Problem description: Each line that contains the word "False" is to be copied from the records below.

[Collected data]
-.-.-
theorem lemma3p6:
  fixes G :: "('g, 'm) monoid_scheme"
    and r s :: "'e \<Rightarrow> 'v"
    and actv :: "'g \<Rightarrow> 'v \<Rightarrow> 'v" and acte :: "'g \<Rightarrow> 'e \<Rightarrow> 'e"
    and phi :: "'g \<Rightarrow> 'e \<Rightarrow> 'g" and c :: "'g \<Rightarrow> 'e \<Rightarrow> 'l::comm_ring_1"
    and e :: 'e
  assumes "twisted_EP_tuple G r s actv acte phi c"
    and "(0::'l) \<noteq> 1"
  shows "(EP_Ann G r s actv acte phi c e = {\<lambda>_. 0}
            \<longleftrightarrow> (\<forall>g\<in>carrier G. acte g e = e \<and> phi g e = \<one>\<^bsub>G\<^esub> \<longrightarrow> g = \<one>\<^bsub>G\<^esub>))
       \<and> ((\<forall>g\<in>carrier G. acte g e = e \<and> phi g e = \<one>\<^bsub>G\<^esub> \<longrightarrow> g = \<one>\<^bsub>G\<^esub>)
            \<longleftrightarrow> inj_on (nabla G acte phi e) (carrier G))"
proof -
  interpret twisted_EP G r s actv acte phi c
    using assms(1) by unfold_locales
  have "EP_Ann G r s actv acte phi c e = {\<lambda>_. 0}
      \<longleftrightarrow> (\<forall>g\<in>carrier G. acte g e = e \<and> phi g e = \<one>\<^bsub>G\<^esub> \<longrightarrow> g = \<one>\<^bsub>G\<^esub>)"
  proof
    assume "EP_Ann G r s actv acte phi c e = {\<lambda>_. 0}"
    then show "\<forall>g\<in>carrier G. acte g e = e \<and> phi g e = \<one>\<^bsub>G\<^esub> \<longrightarrow> g = \<one>\<^bsub>G\<^esub>"
      using EP_Ann_nontrivial_if_strongly_fixing[OF assms(2)] by blast
  next
    assume "\<forall>g\<in>carrier G. acte g e = e \<and> phi g e = \<one>\<^bsub>G\<^esub> \<longrightarrow> g = \<one>\<^bsub>G\<^esub>"
    then have "EP_Ann G r s actv acte phi c e \<subseteq> {\<lambda>_. 0}"
      using EP_Ann_trivial_if_inj_nabla strongly_fixing_trivial_iff_inj_nabla by blast
    moreover have "{\<lambda>_. 0} \<subseteq> EP_Ann G r s actv acte phi c e"
      using zero_in_EP_Ann by simp
    ultimately show "EP_Ann G r s actv acte phi c e = {\<lambda>_. 0}"
      by (rule subset_antisym)
  qed
  then show ?thesis
    using strongly_fixing_trivial_iff_inj_nabla by blast
qed

end
lemma bO_eventually_bounded_on_cball:
  assumes U: "nonprincipal_ultrafilter U" and F: "bO U F"
  shows "\<exists>M. eventually (\<lambda>k. holomorphic_n UNIV (F k) \<and> (\<forall>x. norm x \<le> R \<longrightarrow> norm (F k x) \<le> M)) U"
proof -
  have "\<exists>M. eventually (\<lambda>k. \<forall>x. norm x \<le> R \<longrightarrow> norm (F k x) \<le> M) U"
  proof (rule ccontr)
    assume unbounded: "\<not> ?thesis"
    text \<open>Otherwise saturation yields a bounded hyper-point at which f is unlimited.\<close>
    have ev: "eventually (\<lambda>k. \<exists>x. norm x \<le> R \<and> norm (F k x) > real m) U" for m :: nat
      using nonprincipal_ultrafilter_eventually_not[OF U, of "\<lambda>k. \<forall>x. norm x \<le> R \<longrightarrow> norm (F k x) \<le> real m"]
        unbounded by (auto elim: eventually_mono simp: not_le)
    have "\<exists>X. \<forall>m. eventually (\<lambda>k. norm (X k) \<le> R \<and> norm (F k (X k)) > real m) U"
      by (rule nonprincipal_ultrafilter_diagonal[OF U ev]) auto
    then obtain X where X: "\<And>m. eventually (\<lambda>k. norm (X k) \<le> R \<and> norm (F k (X k)) > real m) U"
      by blast
    have "hbounded U X"
      unfolding hbounded_def using X[of 0] by (auto elim: eventually_mono)
    with F obtain B where B: "eventually (\<lambda>k. norm (F k (X k)) \<le> B) U"
      by (auto simp: bO_def hbounded_def)
    obtain m :: nat where "B \<le> real m" using real_arch_simple by blast
    with eventually_conj[OF B X[of m]] have "eventually (\<lambda>k. False) U"
      by (auto elim: eventually_mono)
    with nonprincipal_ultrafilter_nonbot[OF U] show False by (simp add: eventually_False)
  qed
  moreover have "eventually (\<lambda>k. holomorphic_n UNIV (F k)) U"
    using F by (simp add: bO_def internal_entire_def)
  ultimately show ?thesis by (auto intro: eventually_conj)
qed

lemma tendsto_stfun:
  assumes U: "nonprincipal_ultrafilter U" and F: "bO U F"
  shows "((\<lambda>k. F k a) \<longlongrightarrow> stfun U F a) U"
proof -
  obtain M where "eventually (\<lambda>k. holomorphic_n UNIV (F k) \<and> (\<forall>x. norm x \<le> norm a \<longrightarrow> norm (F k x) \<le> M)) U"
    using bO_eventually_bounded_on_cball[OF U F] by blast
  then have "eventually (\<lambda>k. norm (F k a) \<le> M) U" by (auto elim: eventually_mono)
  then obtain l where "((\<lambda>k. F k a) \<longlongrightarrow> l) U"
    using nonprincipal_ultrafilter_bounded_convergent[OF U, of "\<lambda>k. F k a"] by blast
  with stpart_eq_limit[OF U this] show ?thesis by (simp add: stfun_def)
qed
(* Under the setting described in the context, let $f\in C(\Omega)$ and let $$f_{\min}(x)=\frac{\int_\Omega f(y)\psi_h(x-y)\,d\mu(y)}{\int_\Omega \psi_h(x-t)\,d\mu(t)},\qquad x\in\Omega.$$ Then there is a constant $C>0$, independent of $h$, such that for all $0<h<1$ and all $1\le p\le\infty$, $$\|f-f_{\min}\|_{L^p(\Omega)}\le C\,\omega_f(h).$$
   Context: Let $d\ge 1$ and let $\Omega\subset\mathbb{R}^d$ be a compact convex domain with Lipschitz boundary. Let $\mu$ be a probability measure on $\Omega$ such that: (1) there is $C_1>0$ with $\mu(\Omega\cap B(x,\alpha))\ge C_1\, m(B(x,\alpha))$ for all $x\in\Omega$ and $0<\alpha\le 1$ ($B(x,\alpha)$ the Euclidean ball, $m$ Lebesgue measure); (2) $\mu$ extends to a finite positive measure $\mu^*$ on $\mathbb{R}^d$ with $\widehat{\mu^*}\in L^1(\mathbb{R}^d)$. Let $\psi\in C(\mathbb{R}^d)$ be nonnegative with $\int_{\mathbb{R}^d}\psi=1$, $\int_{\mathbb{R}^d}|x|\psi(x)\,dx<\infty$, and $\psi(x)\ge C_\psi>0$ for $|x|\le1$; $\psi_h(x)=h^{-d}\psi(x/h)$. $L^p(\Omega)$ norms are with respect to Lebesgue measure. The modulus of continuity is $\omega_f(t)=\sup\{|f(x)-f(y)|: x,y\in\Omega,\ |x-y|\le t\}$. *)

theory Defs
  imports "HOL-Analysis.Analysis" "HOL-Probability.Probability"
begin

text \<open>Lipschitz boundary (for a closed domain, described via its interior):
  near every boundary point the interior is, after choosing a unit direction e,
  the strict supergraph of a Lipschitz function defined on the hyperplane orthogonal to e.\<close>
definition lipschitz_boundary :: "'a::euclidean_space set \<Rightarrow> bool" where
  "lipschitz_boundary \<Omega> \<longleftrightarrow>
     (\<forall>x\<in>frontier \<Omega>. \<exists>r>0. \<exists>e::'a. norm e = 1 \<and>
        (\<exists>(g::'a \<Rightarrow> real) L. (\<forall>y z. \<bar>g y - g z\<bar> \<le> L * norm (y - z)) \<and>
           interior \<Omega> \<inter> ball x r = {z \<in> ball x r. z \<bullet> e > g (z - (z \<bullet> e) *\<^sub>R e)}))"

definition fourier_measure :: "'a::euclidean_space measure \<Rightarrow> 'a \<Rightarrow> complex" where
  "fourier_measure M \<xi> = integral\<^sup>L M (\<lambda>x. cis (- 2 * pi * (x \<bullet> \<xi>)))"

definition psi_scaled :: "('a::euclidean_space \<Rightarrow> real) \<Rightarrow> real \<Rightarrow> 'a \<Rightarrow> real" where
  "psi_scaled \<psi> h x = inverse (h ^ DIM('a)) * \<psi> (inverse h *\<^sub>R x)"
(* Assume the standing assumptions (a)–(d) below, let $\bar\mu$ be a probability measure on $\mathbb{R}^d$ with finite second moment, $N\in\mathbb{N}$, $T>0$, $\epsilon\ge0$ with $(L+2\epsilon\tilde L)T^2\le1$. Let $x=(x^1,\dots,x^N)\sim\bar\mu^{\otimes N}$ and, independently, $\xi=(\xi^1,\dots,\xi^N)\sim\mathcal N(0,I_{Nd})$. Let $\bar{\mathbf X}^{\bar\mu,i}(x^i)=\bar q_T(x^i,\xi^i,\bar\mu)$ ($N$ independent copies of one nHMC step with initial distribution $\bar\mu$) and $\mathbf X^i(x)=q^i_T(x,\xi)$ (one xHMC step of the mean-field particle system from $\bar\mu^{\otimes N}$, with the same velocities). Then $$\mathbb{E}\Big[\frac1N\sum_{i=1}^N|\bar{\mathbf X}^{\bar\mu,i}(x^i)-\mathbf X^i(x)|\Big]\le N^{-1/2}\mathbf B,\qquad \mathbf B=4T^2\epsilon\tilde L\,\mathbf B_1^{1/2},$$ where $\mathbf B_1$ is any finite constant with $\sup_{0\le t\le T}\int_{\mathbb{R}^d}|y|^2\bar\mu_t(\mathrm{d}y)\le\mathbf B_1$.
   Context: Standing assumptions: $V:\mathbb{R}^d\to\mathbb{R}$, $W:\mathbb{R}^d\times\mathbb{R}^d\to\mathbb{R}$ are $C^1$, $\nabla_1W$ is the gradient of $W$ in its first argument, and there are constants $L>0,K>0,\mathcal R\ge0,\tilde L\ge0$ with: (a) $V(0)=0$, $V\ge0$; (b) $|\nabla V(x)-\nabla V(y)|\le L|x-y|$; (c) $\langle x-y,\nabla V(x)-\nabla V(y)\rangle\ge K|x-y|^2+L^{-1}|\nabla V(x)-\nabla V(y)|^2$ whenever $|x-y|\ge\mathcal R$; (d) $W$ symmetric and $|\nabla_1W(x,y)-\nabla_1W(\tilde x,\tilde y)|\le\tilde L(|x-\tilde x|+|y-\tilde y|)$. Nonlinear dynamics $(\bar q_t,\bar p_t)(x,v,\bar\mu)$ on $\mathbb{R}^{2d}$: $\dot{\bar q}_t=\bar p_t$, $\dot{\bar p}_t=-\nabla V(\bar q_t)-\epsilon\int\nabla_1W(\bar q_t,u)\bar\mu_t(\mathrm{d}u)$, $(\bar q_0,\bar p_0)=(x,v)$, with $\bar\mu_t=\mathrm{Law}(\bar q_t(\tilde x,\tilde v,\bar\mu))$, $(\tilde x,\tilde v)\sim\bar\mu\otimes\mathcal N(0,I_d)$. Particle system: $U(x)=\sum_{i=1}^N\big(V(x^i)+\frac{\epsilon}{2N}\sum_{j=1}^NW(x^i,x^j)\big)$ on $\mathbb{R}^{Nd}$, $\nabla_iU=\partial U/\partial x^i$; the exact flow $(q_t,p_t)(x,v)$ solves $\dot q^i_t=p^i_t$, $\dot p^i_t=-\nabla_iU(q_t)$, $(q_0,p_0)=(x,v)$, $i=1,\dots,N$. *)

theory Defs
  imports "HOL-Probability.Probability"
begin

definition std_gaussian :: "'a::euclidean_space measure" where
  "std_gaussian = density lborel
     (\<lambda>x. ennreal ((2 * pi) powr (- real DIM('a) / 2) * exp (- (norm x)\<^sup>2 / 2)))"

definition nonlin_law :: "'a::euclidean_space measure \<Rightarrow> (real \<Rightarrow> 'a \<Rightarrow> 'a \<Rightarrow> 'a) \<Rightarrow> real \<Rightarrow> 'a measure" where
  "nonlin_law mu qb t = distr (mu \<Otimes>\<^sub>M std_gaussian) borel (\<lambda>(y, w). qb t y w)"

definition U_pot :: "nat \<Rightarrow> real \<Rightarrow> ('a \<Rightarrow> real) \<Rightarrow> ('a \<Rightarrow> 'a \<Rightarrow> real) \<Rightarrow> (nat \<Rightarrow> 'a) \<Rightarrow> real" where
  "U_pot N \<epsilon> V W y = (\<Sum>i<N. V (y i) + \<epsilon> / (2 * real N) * (\<Sum>j<N. W (y i) (y j)))"

end

theory Submission
  imports Defs
begin

text \<open>The position
  differences \<open>Z\<^sub>i = qb\<^sup>i - q\<^sup>i\<close> satisfy \<open>Z\<^sub>i'' = F\<^sub>i\<close> with
  \<open>|F\<^sub>i| \<le> (L + \<epsilon> Lt) |Z\<^sub>i| + \<epsilon> Lt (mean over j of |Z\<^sub>j|) + \<epsilon> e\<^sub>i\<close>, where \<open>e\<^sub>i(s)\<close> is the
  distance between the mean-field force \<open>\<integral> \<nabla>\<^sub>1W(qb\<^sup>i, u) d\<mu>\<^sub>s(u)\<close> and its empirical
  counterpart \<open>N\<^sup>-\<^sup>1 \<Sigma>\<^sub>j \<nabla>\<^sub>1W(qb\<^sup>i, qb\<^sup>j)\<close> along the independent nonlinear particles.
  Since \<open>(L + 2 \<epsilon> Lt) T\<^sup>2 \<le> 1\<close>, evaluating the Taylor formula at the time where the mean of
  the \<open>|Z\<^sub>i|\<close> is maximal gives \<open>mean |Z\<^sub>i(T)| \<le> 2 T \<integral>\<^sub>0\<^sup>T \<epsilon> mean e\<^sub>i\<close>.
  The nonlinear particles at time \<open>s\<close> are i.i.d. with law \<open>\<mu>\<^sub>s\<close>, so the centred terms
  \<open>\<nabla>\<^sub>1W(qb\<^sup>i, qb\<^sup>j) - \<integral> \<nabla>\<^sub>1W(qb\<^sup>i, u) d\<mu>\<^sub>s(u)\<close> are orthogonal in \<open>L\<^sup>2\<close> for different
  \<open>j\<close>; this law of large numbers gives \<open>E e\<^sub>i(s) \<le> 2 Lt B\<^sub>1\<^sup>1\<^sup>/\<^sup>2 N\<^sup>-\<^sup>1\<^sup>/\<^sup>2\<close>, and Tonelli
  in \<open>(s, x, \<xi>)\<close> yields the bound.\<close>

section \<open>A second-order Gronwall estimate\<close>

lemma has_integral_second_order_remainder:
  fixes Z P F :: "real \<Rightarrow> 'a::banach"
  assumes t: "0 \<le> t" and Z0: "Z 0 = 0" and P0: "P 0 = 0"
    and dZ: "\<And>s. s \<in> {0..t} \<Longrightarrow> (Z has_vector_derivative P s) (at s within {0..t})"
    and dP: "\<And>s. s \<in> {0..t} \<Longrightarrow> (P has_vector_derivative F s) (at s within {0..t})"
  shows "((\<lambda>s. (t - s) *\<^sub>R F s) has_integral Z t) {0..t}"
proof -
  have "((\<lambda>s. (t - s) *\<^sub>R F s) has_integral
      ((t - t) *\<^sub>R P t + Z t) - ((t - 0) *\<^sub>R P 0 + Z 0)) {0..t}"
  proof (rule fundamental_theorem_of_calculus[OF t])
    fix s assume s: "s \<in> {0..t}"
    have "((\<lambda>s. t - s) has_real_derivative -1) (at s within {0..t})"
      by (auto intro!: derivative_eq_intros)
    from has_vector_derivative_add[OF has_vector_derivative_scaleR[OF this dP[OF s]] dZ[OF s]]
    show "((\<lambda>s. (t - s) *\<^sub>R P s + Z s) has_vector_derivative (t - s) *\<^sub>R F s) (at s within {0..t})"
      by (simp add: algebra_simps)
  qed
  then show ?thesis using Z0 P0 by simp
qed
-.-.-
Task result:
    with eventually_conj[OF B X[of m]] have "eventually (\<lambda>k. False) U"
    with nonprincipal_ultrafilter_nonbot[OF U] show False by (simp add: eventually_False)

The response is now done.